Hi,
>>> ^^^ Note that this const is superfluous.
>> Why is it superfluous? Isn't the second argument type const char* const
>> this way?
>>
>> It's superfluous for the same reason we don't "set" by passing "const
>> PetscInt". The const is irrelevant to the caller. All it means is that the
>> implementation doesn't change the *its* copy (pass by value) and even that
>> isn't type checked with respect to the public declaration. It's just clutter
>> and suggests that the person who wrote it doesn't understand types.
>
> Which clearly I don't :-(
>
> So do we just go with typedef const char* VecType and then all
> signatures are VecType?
yes, Jed is absolutely right on that.
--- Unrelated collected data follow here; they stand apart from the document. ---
lemma surplus_other_part:
  assumes "i \<in> {1..k}" "i \<noteq> home"
  shows "surplus V k P w0 i = 0"
proof -
  define R where "R = T + 2 * m"
  obtain z where z: "z \<in> dirty (R - 1)"
    using stop_time(2)[of "R - 1"] settle_time_ge_2 unfolding R_def by fastforce
  moreover have "T - 1 \<le> R - 1"
    unfolding R_def by simp
  ultimately have "z \<in> dirty (T - 1)"
    using dirty_antimono by blast
  then have "z \<in> V - P i"
    using dirty_before_settling(3) in_part_iff[OF assms(1)] assms(2) unfolding dirty_def by auto
  define T' where "T' = (LEAST t. \<forall>v \<in> V - P i. clean t v)"
  have "\<forall>v \<in> V - P i. clean R v"
    using stop_time(1) unfolding R_def dirty_def by blast
  then have "clean T' z"
    using LeastI[of "\<lambda>t. \<forall>v \<in> V - P i. clean t v"] \<open>z \<in> V - P i\<close> unfolding T'_def by blast
  then have "R \<le> T'"
    using z dirty_antimono[of T' "R - 1"] unfolding dirty_def by fastforce
  then have "dirty T' = {}"
    using dirty_antimono stop_time(1) unfolding R_def by blast
  then have "{v \<in> P i. \<not> clean T' v} = {}"
    using in_part_iff[OF assms(1)] unfolding dirty_def by blast
  then show ?thesis
    unfolding surplus_eq T'_def[symmetric] by (simp only: card.empty)
qed

end

theorem mainTheorem4:
  fixes V :: "'a set" and k :: nat and P :: "nat \<Rightarrow> 'a set" and w0 :: "'a \<Rightarrow> int"
  assumes "finite V"
    and "k \<ge> 3"
    and "multipartite_parts V k P"
    and "initial_weighting V w0"
  shows "(\<exists>!i. i \<in> {1..k} \<and> surplus V k P w0 i \<noteq> 0)
    \<and> (\<exists>t. crawler_stops_at V (multipartite_adj k P) w0 t)
    \<and> RC V (multipartite_adj k P) w0 = card V + (\<Sum>i\<in>{1..k}. surplus V k P w0 i) - 1
    \<and> (\<Sum>i\<in>{1..k}. surplus V k P w0 i) = Max ((surplus V k P w0) ` {1..k})"
proof -
  interpret multipartite_crawler V k P w0
    using assms by unfold_locales simp_all
  note total = sum_Max_single_support[OF finite_atLeastAtMost home_in_parts surplus_other_part]
  show ?thesis
  proof (intro conjI)
    show "\<exists>!i. i \<in> {1..k} \<and> surplus V k P w0 i \<noteq> 0"
    proof (rule ex1I[of _ home])
      show "home \<in> {1..k} \<and> surplus V k P w0 home \<noteq> 0"
        using home_in_parts surplus_home by simp
      fix i assume "i \<in> {1..k} \<and> surplus V k P w0 i \<noteq> 0"
      then show "i = home"
        using surplus_other_part[of i] by auto
    qed
    show "\<exists>t. crawler_stops_at V (multipartite_adj k P) w0 t"
      using stops_at_iff[of "T + 2 * m"] settle_time(1) stop_time(1) by auto
    show "RC V (multipartite_adj k P) w0 = card V + (\<Sum>i\<in>{1..k}. surplus V k P w0 i) - 1"
      using RC_eq card_V_eq surplus_home total(1) by simp
    show "(\<Sum>i\<in>{1..k}. surplus V k P w0 i) = Max (surplus V k P w0 ` {1..k})"
      using total by simp
  qed
qed

end
lemma integral_sin_branch_marginal:
  assumes i: "i \<in> {1..N}"
  shows "(\<integral>z. sin (w * z) \<partial>branch_marginal (K t x) i)
      = \<alpha> i * (\<integral>p. sin (w * snd p) \<partial>K t x)
        + ((if i = fst x then 1 else 0) - \<alpha> i) * (exp (- (w^2 * t) / 2) * sin (w * snd x))"
proof -
  have \<alpha>_i: "\<alpha> i > 0" using \<alpha>_pos i by blast
  define B where "B k = (if k = i then 1 / \<alpha> i else 0) - 1" for k
  let ?branch = "\<integral>z. sin (w * z) \<partial>branch_marginal (K t x) i"
  let ?radial = "\<integral>p. sin (w * snd p) \<partial>K t x"
  have "(\<Sum>k=1..N. \<alpha> k * B k) = (\<Sum>k=1..N. (if k = i then 1 else 0) - \<alpha> k)"
    using \<alpha>_i by (intro sum.cong) (auto simp: B_def algebra_simps)
  then have kirchhoff: "(\<Sum>k=1..N. \<alpha> k * B k) = 0"
    using i \<alpha>_sum by (simp add: sum_subtractf)
  have measurable: "(\<lambda>p. indicator (open_branch i) p * sin (w * snd p)) \<in> borel_measurable (K t x)"
    "(\<lambda>p. sin (w * snd p)) \<in> borel_measurable (K t x)"
    using snd_measurable_Gm_measure[OF sets_K finite_K] open_branch_indicator_measurable_Gm_measure[OF sets_K finite_K]
    by (auto intro!: borel_measurable_times measurable_compose[where g="\<lambda>z. sin (w * z)"])
  have integrable: "integrable (K t x) (\<lambda>p. indicator (open_branch i) p * sin (w * snd p))"
    "integrable (K t x) (\<lambda>p. sin (w * snd p))"
    using measurable
    by (auto intro!: integrable_bounded_Gm_measure[OF sets_K finite_K, of _ 1] simp: abs_mult mult_le_one
        split: split_indicator)
  have "sin_test B w p = 1 / \<alpha> i * (indicator (open_branch i) p * sin (w * snd p)) - sin (w * snd p)"
    if "p \<in> Gset N" for p
    using that by (cases "snd p = 0") (auto simp: sin_test_def B_def open_branch_def Gset_def left_diff_distrib)
  then have "Qop K t (sin_test B w) x
      = (\<integral>p. 1 / \<alpha> i * (indicator (open_branch i) p * sin (w * snd p)) - sin (w * snd p) \<partial>K t x)"
    unfolding Qop_def using space_Gm_measure[OF sets_K finite_K] by (intro Bochner_Integration.integral_cong) auto
  also have "\<dots> = 1 / \<alpha> i * ?branch - ?radial"
    using integral_branch_marginal[OF sets_K finite_K, of "\<lambda>z. sin (w * z)" i]
    by (subst Bochner_Integration.integral_diff[OF integrable_mult_right[OF integrable(1)] integrable(2)],
        subst integral_mult_right_zero) simp
  finally have "1 / \<alpha> i * ?branch - ?radial = exp (- (w^2 * t) / 2) * (B (fst x) * sin (w * snd x))"
    using Qop_eigenfunction[OF dynkin sin_test_in_Dal[OF kirchhoff] fpp_sin_test x] t
    by (simp add: sin_test_def)
  then have "?branch = \<alpha> i * ?radial + \<alpha> i * B (fst x) * (exp (- (w^2 * t) / 2) * sin (w * snd x))"
    using \<alpha>_i by (simp add: field_simps)
  also have "\<alpha> i * B (fst x) = (if i = fst x then 1 else 0) - \<alpha> i"
    using \<alpha>_i by (cases "i = fst x") (auto simp: B_def field_simps)
  finally show ?thesis .
qed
The important thing to keep in
mind here is that typedef is atomic, i.e. it is not a 'string
replacement' as opposed to what the C preprocessor does.
Example:
#define VecType char*
int Set(const VecType)
expands to
int Set(const char*)
However, with
typedef const char* VecType
int Set(const VecType)
there is no immediate string replacement, i.e. it is NOT the same as
int Set(const const char*)
with the compiler ignoring one of the const keywords. Instead, denoting
the precedence using brackets, the type passed to the Set() is
const {const char*}
which is a const copy to a const char*. Now, as 'const char*' is copied
when passed to the function anyways, the first 'const' is superfluous as
Jed pointed out. As a consequence, we can simply use
Set(VecType);
Get(VecType*);
which is pretty much the standard prototype for any pair of
Getter/Setter and also the way arguments of type PetscInt are handled.
In conclusion, we have not only eliminated the preprocessor magic, we
are also able to provide a cleaned-up interface for XYZSetType() and
XYZGetType(). Thanks, Barry, for making the decision in favor of a
typedef :-)
Best regards,
Karli